The homestead, still standing and reckoned among the notable sites of the region, was built in 1640, by Robert Pierce, who emigrated to the New World in 1630, having sailed from Plymouth, England, in the Mary and John, in company with others of the Massachusetts Bay Colony. On the voyage, he married Ann Greenaway—registered as “Daughter of Goodman Greenaway,” a fellow-passenger.

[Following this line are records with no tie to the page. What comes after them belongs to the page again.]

lemma bcast_axis: "bcast coal (axis i 1) = (\<Sum>m\<in>agents coal i. axis m (1::real))"
  by (auto simp: bcast_def vec_eq_iff axis_def agents_def sum_component
     sum.delta[where S="{v. coal v = i}", simplified] if_distrib cong: if_cong)

lemma Qmap_eq_sum_pd:
  fixes coal :: "'v::finite \<Rightarrow> 'c::finite" and f :: "'v \<Rightarrow> real^'v \<Rightarrow> real"
  assumes "\<forall>v p. f v differentiable at p"
  shows "Qmap coal f y $ i = (\<Sum>j\<in>agents coal i. \<Sum>m\<in>agents coal i. pd (f j) m (bcast coal y))"
proof -
  have "Qmap coal f y $ i =
      (\<Sum>j\<in>agents coal i. frechet_derivative (f j) (at (bcast coal y)) (bcast coal (axis i 1)))"
    by (simp add: Qmap_def pd_def flip: frechet_derivative_at[OF gcost_has_derivative[OF assms]])
  also have "\<dots> = (\<Sum>j\<in>agents coal i. \<Sum>m\<in>agents coal i. pd (f j) m (bcast coal y))"
    using assms by (simp add: bcast_axis pd_def linear_sum linear_frechet_derivative)
  finally show ?thesis .
qed

lemma Qmap_nash_eq_zero:
  fixes coal :: "'v::finite \<Rightarrow> 'c::finite" and f :: "'v \<Rightarrow> real^'v \<Rightarrow> real"
  assumes diff: "\<forall>v p. f v differentiable at p" and NE: "nash_eq coal f ys"
  shows "Qmap coal f ys $ i = 0"
proof -
  let ?F = "\<lambda>h. \<Sum>j\<in>agents coal i. frechet_derivative (f j) (at (bcast coal ys)) (bcast coal h)"
  have g_deriv: "(gcost coal f i has_derivative ?F) (at ys)"
    using gcost_has_derivative[OF diff] .
  have "((\<lambda>t::real. ys + t *\<^sub>R axis i 1) has_derivative (\<lambda>t. t *\<^sub>R axis i 1)) (at 0)"
    by (auto intro!: derivative_eq_intros)
  from has_derivative_compose[OF this, of "gcost coal f i" ?F] g_deriv
  have "((\<lambda>t. gcost coal f i (ys + t *\<^sub>R axis i 1)) has_derivative (\<lambda>t. ?F (t *\<^sub>R axis i 1))) (at 0)"
    by (simp add: o_def)
  moreover have "\<forall>\<^sub>F t in at 0. gcost coal f i (ys + 0 *\<^sub>R axis i 1) \<le> gcost coal f i (ys + t *\<^sub>R axis i 1)"
    using NE unfolding nash_eq_def by (intro always_eventually allI) (metis add_diff_cancel_right' add.right_neutral scale_zero_left)
  ultimately have "(\<lambda>t. ?F (t *\<^sub>R axis i 1)) = (\<lambda>_. 0)"
    by (rule has_derivative_local_min)
  then have "?F (axis i 1) = 0"
    by (metis scaleR_one)
  then show ?thesis
    by (simp add: Qmap_def pd_def flip: frechet_derivative_at[OF g_deriv])
qed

The family trace their descent, by old domestic and town records, from the Northumberland Percies. Traditions, cherished by the race, affirm that Godfrey of Bouillon was a remote ancestor. It is unquestionably true that “Robert of Dorchester,” as he is put down in the genealogy of the Percies, was a blood relative of Master George Percy, John Smith’s friend, and his successor in the presidency of the Jamestown colony.

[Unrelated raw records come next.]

(* Let $\mathcal{P}\subset\mathbb{R}^d$ be a generalized permutahedron. For $m\in\mathbb{Z}_{>0}$ let $$\chi_d(\mathcal{P})(m)=\#\{y\in[m]^d:\ \mathcal{P}_y \text{ is a vertex of }\mathcal{P}\},$$ the number of $\mathcal{P}$-generic directions $y$ with $y\in[m]^d=\{1,\dots,m\}^d$. Then $\chi_d(\mathcal{P})(m)$ agrees with a polynomial in $m$ of degree $d$, and for all $m\in\mathbb{Z}_{>0}$ $$(-1)^d\chi_d(\mathcal{P})(-m)=\sum_{y\in[m]^d}\#(\text{vertices of }\mathcal{P}_y).$$
   Context: Directions $y\in(\mathbb{R}^d)^*\cong\mathbb{R}^d$ act by $y(x)=\sum_i y_ix_i$. For a polytope $\mathcal{P}$ the $y$-maximal face is $\mathcal{P}_y=\{x\in\mathcal{P}: y(x)\ge y(x')\ \forall x'\in\mathcal{P}\}$; $y$ is $\mathcal{P}$-generic if $\mathcal{P}_y$ is a single vertex. The normal cone of a face $F$ is $N_\mathcal{P}(F)=\{y:\mathcal{P}_y\supseteq F\}$ and the normal fan $\mathcal{N}(\mathcal{P})$ is the set of all normal cones. The braid fan in $\mathbb{R}^d$ consists of the cones $\{y: y_i=y_j \text{ for } i,j\in T_a;\ y_i\ge y_j \text{ for } i\in T_a,j\in T_b,a<b\}$ for ordered set compositions $(T_1,\dots,T_k)$ of $[d]$; it is the normal fan of the standard permutahedron $\mathrm{conv}\{(\sigma(1),\dots,\sigma(d)):\sigma\in S_d\}$. A polytope $\mathcal{P}\subset\mathbb{R}^d$ is a generalized permutahedron if its normal fan is a coarsening of the braid fan, i.e. every cone of $\mathcal{N}(\mathcal{P})$ is a union of braid cones. *)

theory Defs
  imports "HOL-Analysis.Analysis" "HOL-Computational_Algebra.Polynomial"
begin

text \<open>Directions and points both live in real^'d; y(x) = y \<bullet> x.\<close>

definition polytope :: "(real ^ 'd) set \<Rightarrow> bool" where
  "polytope P \<longleftrightarrow> (\<exists>S. finite S \<and> S \<noteq> {} \<and> P = convex hull S)"

definition max_face :: "(real ^ 'd) set \<Rightarrow> real ^ 'd \<Rightarrow> (real ^ 'd) set" where
  "max_face P y = {x \<in> P. \<forall>x'\<in>P. y \<bullet> x' \<le> y \<bullet> x}"

definition generic_dir :: "(real ^ 'd) set \<Rightarrow> real ^ 'd \<Rightarrow> bool" where
  "generic_dir P y \<longleftrightarrow> (\<exists>v. max_face P y = {v})"

definition vertices :: "(real ^ 'd) set \<Rightarrow> (real ^ 'd) set" where
  "vertices P = {v. v extreme_point_of P}"

definition normal_cone :: "(real ^ 'd) set \<Rightarrow> (real ^ 'd) set \<Rightarrow> (real ^ 'd) set" where
  "normal_cone P F = {y. F \<subseteq> max_face P y}"

text \<open>An ordered set composition (T_1,...,T_k) of the index set is encoded by the
  block-index function f with f ` UNIV = {..<k} (T_{a+1} = f^{-1}(a)).\<close>
definition braid_cone :: "('d \<Rightarrow> nat) \<Rightarrow> (real ^ 'd) set" where
  "braid_cone f = {y. (\<forall>i j. f i = f j \<longrightarrow> y $ i = y $ j) \<and>
                      (\<forall>i j. f i < f j \<longrightarrow> y $ i \<ge> y $ j)}"

definition braid_fan :: "(real ^ ('d::finite)) set set" where
  "braid_fan = {braid_cone f | f k. range f = {..<(k::nat)}}"

definition gen_permutahedron :: "(real ^ ('d::finite)) set \<Rightarrow> bool" where
  "gen_permutahedron P \<longleftrightarrow> polytope P \<and>
     (\<forall>F. F face_of P \<and> F \<noteq> {} \<longrightarrow>
        (\<exists>C \<subseteq> braid_fan. normal_cone P F = \<Union>C))"

definition grid :: "nat \<Rightarrow> (real ^ 'd) set" where
  "grid m = {y. \<forall>i. y $ i \<in> real ` {1..m}}"

definition chi :: "(real ^ ('d::finite)) set \<Rightarrow> nat \<Rightarrow> nat" where
  "chi P m = card {y \<in> grid m. generic_dir P y}"

end

(*
  Let v be a vertex of the generalized permutahedron P. Its normal cone is convex and a union of
  braid cones, so it is cut out by the inequalities y_i >= y_j that hold on all of it; these form a
  partial order on the coordinates. Then P_y = {v} exactly when y is strictly order preserving, and
  v lies in P_y exactly when y is weakly order preserving. Summing over the vertices, chi(m) is a sum
  of Stanley's strict order polynomials and the vertex count on the right-hand side is the sum of
  the corresponding weak counts, so the reciprocity is order polynomial reciprocity applied vertex
  by vertex. The degree is exactly d because the right-hand side is at least m^d.
*)

theory Submission
  imports Defs
begin

section \<open>Polynomials through integer points\<close>

lemma interpolating_poly_exists:
  fixes f :: "nat \<Rightarrow> real"
  shows "\<exists>s. degree s \<le> N \<and> (\<forall>k\<le>N. poly s (real k) = f k)"
proof (induction N)
  case 0
  show ?case by (rule exI[of _ "[:f 0:]"]) auto
next
  case (Suc N)
  then obtain s where s: "degree s \<le> N" "\<forall>k\<le>N. poly s (real k) = f k" by blast
  define q where "q = (\<Prod>i\<le>N. [:- real i, 1:])"
  have "degree q \<le> Suc N"
    using degree_prod_sum_le[of "{..N}" "\<lambda>i. [:- real i, 1:]"] by (simp add: q_def)
  moreover have "poly q (real k) = 0" if "k \<le> N" for k
    unfolding q_def poly_prod using that by (auto intro!: prod_zero)
  moreover have "poly q (real (Suc N)) \<noteq> 0"
    unfolding q_def poly_prod by (auto simp: prod_zero_iff)
  moreover define c where "c = (f (Suc N) - poly s (real (Suc N))) / poly q (real (Suc N))"
  ultimately have "\<forall>k\<le>Suc N. poly (s + smult c q) (real k) = f k"
    using s by (auto simp: le_Suc_eq)
  moreover have "degree (s + smult c q) \<le> Suc N"
    using s(1) \<open>degree q \<le> Suc N\<close> by (intro degree_add_le order.trans[OF degree_smult_le]) auto
  ultimately show ?case by blast
qed

lemma poly_eq_0_if_vanishes_atMost:
  fixes p :: "real poly"
  assumes "degree p \<le> n" "\<And>k. k \<le> n \<Longrightarrow> poly p (real k) = 0"
  shows "p = 0"
proof (rule ccontr)
  assume p: "p \<noteq> 0"
  have "Suc n = card (real ` {..n})" by (subst card_image) (auto simp: inj_on_def)
  also have "\<dots> \<le> card {x. poly p x = 0}"
    using assms(2) by (intro card_mono poly_roots_finite p) auto
  also have "\<dots> \<le> degree p" by (rule card_poly_roots_bound[OF p])
  finally show False using assms(1) by simp
qed

lemma degree_forward_difference_le:
  fixes s :: "real poly"
  assumes "degree s \<le> Suc n"
  shows "degree (pcompose s [:1, 1:] - s) \<le> n"
proof (rule degree_le, intro allI impI)
  fix i assume "n < i"
  have same_degree: "degree (pcompose s [:1, 1:]) = degree s" by (simp add: degree_pcompose)
  show "coeff (pcompose s [:1, 1:] - s) i = 0"
  proof (cases "i = degree s")
    case True
    then show ?thesis using same_degree lead_coeff_comp[of "[:1, 1:]" s] by simp
  next
    case False
    then show ?thesis using \<open>n < i\<close> assms same_degree by (simp add: coeff_eq_0)
  qed
qed

text \<open>The difference identity holds at every real point, which is what transports the recursion
  to negative integers.\<close>

lemma poly_summation_exists:
  fixes r :: "real poly" and f :: "nat \<Rightarrow> real"
  assumes "degree r \<le> n" and step: "\<And>m. f (Suc m) = f m + poly r (real m)"
  shows "\<exists>s. degree s \<le> Suc n \<and> (\<forall>x. poly s (x + 1) = poly s x + poly r x)
             \<and> (\<forall>m. poly s (real m) = f m)"
proof -
  obtain s where s: "degree s \<le> Suc n" "\<forall>k\<le>Suc n. poly s (real k) = f k"
    using interpolating_poly_exists by blast
  define D where "D = pcompose s [:1, 1:] - s - r"
  have poly_D: "poly D x = poly s (x + 1) - poly s x - poly r x" for x
    by (simp add: D_def poly_pcompose add.commute)
  have "D = 0"
  proof (rule poly_eq_0_if_vanishes_atMost)
    show "degree D \<le> n"
      unfolding D_def using degree_forward_difference_le[OF s(1)] assms(1) degree_diff_le by blast
    show "poly D (real k) = 0" if "k \<le> n" for k
    proof -
      have "poly s (real k + 1) = f (Suc k)" using s(2) that by (metis Suc_le_mono le_SucI of_nat_Suc add.commute)
      then show ?thesis using s(2) step[of k] that by (simp add: poly_D)
    qed
  qed
  then have shift: "poly s (x + 1) = poly s x + poly r x" for x
    using poly_D[of x] by simp
  have "poly s (real m) = f m" for m
  proof (induction m)
    case (Suc m)
    then show ?case using shift[of "real m"] step[of m] by (simp add: add.commute)
  qed (use s(2) in auto)
  then show ?thesis using s(1) shift by blast
qed

lemma abs_poly_le_coeff_sum:
  fixes p :: "real poly"
  assumes "degree p \<le> n" "1 \<le> \<bar>x\<bar>"
  shows "\<bar>poly p x\<bar> \<le> (\<Sum>i\<le>degree p. \<bar>coeff p i\<bar>) * \<bar>x\<bar> ^ n"
proof -
  have "\<bar>poly p x\<bar> \<le> (\<Sum>i\<le>degree p. \<bar>coeff p i * x ^ i\<bar>)"
    unfolding poly_altdef by (rule sum_abs)
  also have "\<dots> \<le> (\<Sum>i\<le>degree p. \<bar>coeff p i\<bar> * \<bar>x\<bar> ^ n)"
    using assms by (intro sum_mono) (auto simp: abs_mult power_abs intro!: mult_left_mono power_increasing)
  finally show ?thesis by (simp add: sum_distrib_right)
qed

lemma degree_ge_if_power_le_abs_poly:
  fixes p :: "real poly"
  assumes n: "n > 0" and bound: "\<And>m::nat. m > 0 \<Longrightarrow> real m ^ n \<le> \<bar>poly p (- real m)\<bar>"
  shows "n \<le> degree p"
proof (rule ccontr)
  assume "\<not> n \<le> degree p"
  then have deg: "degree p \<le> n - 1" by simp
  define C where "C = (\<Sum>i\<le>degree p. \<bar>coeff p i\<bar>)"
  define m where "m = nat \<lceil>C\<rceil> + 1"
  have "real m > C" "real m \<ge> 1" by (simp_all add: m_def) linarith
  have "real m ^ n \<le> \<bar>poly p (- real m)\<bar>" using bound[of m] by (simp add: m_def)
  also have "\<dots> \<le> C * real m ^ (n - 1)"
    using abs_poly_le_coeff_sum[OF deg, of "- real m"] \<open>real m \<ge> 1\<close> by (simp add: C_def)
  also have "\<dots> < real m * real m ^ (n - 1)"
    using \<open>real m > C\<close> \<open>real m \<ge> 1\<close> by (intro mult_strict_right_mono) auto
  also have "\<dots> = real m ^ n" using n by (metis Suc_diff_1 power_Suc)
  finally show False by simp
qed

section \<open>Order polynomials and reciprocity\<close>

text \<open>\<open>R i j\<close> reads as \<open>i\<close> above \<open>j\<close>; \<open>Q = (<)\<close> and \<open>Q = (\<le>)\<close> give the strictly and the weakly
  order preserving maps into \<open>{1..m}\<close>.\<close>

definition monotone_maps ::
    "(nat \<Rightarrow> nat \<Rightarrow> bool) \<Rightarrow> ('a \<Rightarrow> 'a \<Rightarrow> bool) \<Rightarrow> 'a set \<Rightarrow> nat \<Rightarrow> ('a \<Rightarrow> nat) set"
  where "monotone_maps Q R I m = {y \<in> PiE I (\<lambda>_. {1..m}). \<forall>i\<in>I. \<forall>j\<in>I. R i j \<longrightarrow> Q (y j) (y i)}"

definition maximal_elems :: "('a \<Rightarrow> 'a \<Rightarrow> bool) \<Rightarrow> 'a set \<Rightarrow> 'a set"
  where "maximal_elems R I = {i \<in> I. \<forall>k\<in>I. \<not> R k i}"

lemma finite_monotone_maps: "finite I \<Longrightarrow> finite (monotone_maps Q R I m)"
  unfolding monotone_maps_def by (rule finite_subset[of _ "PiE I (\<lambda>_. {1..m})"]) (auto intro: finite_PiE)

lemma card_monotone_maps_empty: "card (monotone_maps Q R {} m) = 1"
  by (simp add: monotone_maps_def)

lemma monotone_maps_0: "I \<noteq> {} \<Longrightarrow> monotone_maps Q R I 0 = {}"
  by (auto simp: monotone_maps_def PiE_iff)

lemma card_monotone_maps_top_fixed:
  assumes M: "M \<subseteq> maximal_elems R I" and N: "N \<le> Suc m" and top: "\<And>a. a \<le> N \<Longrightarrow> Q a (Suc m)"
  shows "card {y \<in> monotone_maps Q R I (Suc m). (\<forall>i\<in>M. y i = Suc m) \<and> (\<forall>i\<in>I - M. y i \<le> N)}
       = card (monotone_maps Q R (I - M) N)"
    (is "card ?A = card ?B")
proof (rule bij_betw_same_card)
  have MI: "M \<subseteq> I" and not_below: "\<And>i k. i \<in> M \<Longrightarrow> k \<in> I \<Longrightarrow> \<not> R k i"
    using M by (auto simp: maximal_elems_def)
  define extend where "extend z i = (if i \<in> M then Suc m else z i)" for z :: "'a \<Rightarrow> nat" and i
  have "\<forall>y\<in>?A. extend (restrict y (I - M)) = y"
  proof (intro ballI ext)
    fix y i assume y: "y \<in> ?A"
    then have "y \<in> PiE I (\<lambda>_. {1..Suc m})" by (simp add: monotone_maps_def)
    show "extend (restrict y (I - M)) i = y i"
    proof (cases "i \<in> I")
      case False
      then show ?thesis using PiE_arb[OF \<open>y \<in> PiE I _\<close> False] MI by (auto simp: extend_def)
    qed (use y in \<open>simp add: extend_def\<close>)
  qed
  moreover have "\<forall>z\<in>?B. restrict (extend z) (I - M) = z"
  proof (intro ballI ext)
    fix z i assume "z \<in> ?B"
    then have "z \<in> PiE (I - M) (\<lambda>_. {1..N})" by (simp add: monotone_maps_def)
    then show "restrict (extend z) (I - M) i = z i"
      by (cases "i \<in> I - M") (auto simp: extend_def PiE_arb[of z])
  qed
  moreover have "(\<lambda>y. restrict y (I - M)) ` ?A \<subseteq> ?B"
    by (auto simp: monotone_maps_def PiE_iff)
  moreover have "extend ` ?B \<subseteq> ?A"
  proof
    fix y assume "y \<in> extend ` ?B"
    then obtain z where z: "z \<in> ?B" and y: "y = extend z" by blast
    have z_range: "z \<in> PiE (I - M) (\<lambda>_. {1..N})"
      and z_mono: "\<forall>i\<in>I - M. \<forall>j\<in>I - M. R i j \<longrightarrow> Q (z j) (z i)"
      using z by (auto simp: monotone_maps_def)
    have "y \<in> PiE I (\<lambda>_. {1..Suc m})"
      using z_range MI N by (auto simp: y extend_def PiE_iff extensional_def intro: le_trans)
    moreover have "Q (y j) (y i)" if "i \<in> I" "j \<in> I" "R i j" for i j
    proof -
      have "j \<notin> M" using not_below \<open>R i j\<close> \<open>i \<in> I\<close> by blast
      then show ?thesis
        using that z_mono top[of "z j"] z_range by (cases "i \<in> M") (auto simp: y extend_def PiE_iff)
    qed
    moreover have "\<forall>i\<in>I - M. y i \<le> N"
      using z_range by (auto simp: y extend_def PiE_iff)
    ultimately show "y \<in> ?A" by (auto simp: y extend_def monotone_maps_def)
  qed
  ultimately show "bij_betw (\<lambda>y. restrict y (I - M)) ?A ?B"
    by (rule bij_betw_byWitness)
qed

The emigrants had a temporary home in Neponset Village, prospering so far in worldly substance as to justify the erection of the substantial house upon the hill overlooking the “village,” ten years after the landing. So substantial was it, and so honest were the builders, that it has come down in a direct line from father to son, and been inhabited by ten generations of thrifty folk who have left it stanch and weatherproof to this day.

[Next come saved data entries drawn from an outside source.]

lemma sum_qchar_A_inverse_affine:
  assumes w: "w \<noteq> 0"
  shows "(\<Sum>n\<in>UNIV. qchar n * A (inverse (w * n - c ^ 2))) = qchar w * A (inverse c) ^ 2 * Pphi 0"
proof (cases "c = 0")
  case True
  have "(\<Sum>n\<in>UNIV. qchar n * A (inverse (w * n - c ^ 2)))
      = A (inverse w) * (\<Sum>n\<in>UNIV. qchar n * A (inverse n))"
    using True by (simp add: sum_distrib_left algebra_simps)
  thus ?thesis using sum_qchar_A_inverse_eq_0 True by simp
next
  case False
  have "(\<Sum>n\<in>UNIV. qchar n * A (inverse (w * n - c ^ 2)))
      = (\<Sum>k\<in>UNIV. qchar (c ^ 2 * k / w) * A (inverse (w * (c ^ 2 * k / w) - c ^ 2)))"
    by (rule sum.reindex_bij_witness[where j="\<lambda>n. n * w / c ^ 2" and i="\<lambda>k. c ^ 2 * k / w"])
       (use w False in auto)
  also have "\<dots> = (\<Sum>k\<in>UNIV. qchar w * A (inverse c) ^ 2 * (qchar k * A (inverse (k - 1))))"
  proof (rule sum.cong[OF refl])
    fix k :: 'a
    have "inverse (w * (c ^ 2 * k / w) - c ^ 2) = inverse c * inverse c * inverse (k - 1)"
      using w by (simp add: field_simps power2_eq_square)
    moreover have "qchar (c ^ 2 * k / w) = qchar w * (qchar k :: complex)"
      using False by (simp add: divide_inverse mult.commute)
    ultimately show "qchar (c ^ 2 * k / w) * A (inverse (w * (c ^ 2 * k / w) - c ^ 2))
        = qchar w * A (inverse c) ^ 2 * (qchar k * A (inverse (k - 1)))"
      by (simp add: power2_eq_square mult_ac)
  qed
  also have "\<dots> = qchar w * A (inverse c) ^ 2 * Pphi 0"
    by (simp add: Pphi_zero_eq sum_distrib_left)
  finally show ?thesis .
qed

My father’s mother, a handsome, wilful girl of seventeen, ran away to be married to one whom her father—“Squire Pierce”—considered a presumptuous adventurer. He was from Maine, a stranger in the neighborhood, and reputed (justly) to be wild and unsteady. When he asked for the girl’s hand he was summarily commanded to hold no further communication with her. He had served as a private in the Revolutionary War; he had winning ways and a good-looking face, and Ann had a liberal spice of her sire’s unbending will. She would have him, and no other of the youths who sued for her favor.

The family genealogy records that “Squire Pierce,” as he was named by his neighbors, received a captain’s commission from the parent government at the outbreak of the Rebellion, and on the self-same day one from the Continental Congress appointing him as a colonel in the Massachusetts forces. As “Colonel Pierce,” he fought throughout the eight bloody years to which we owe our national life.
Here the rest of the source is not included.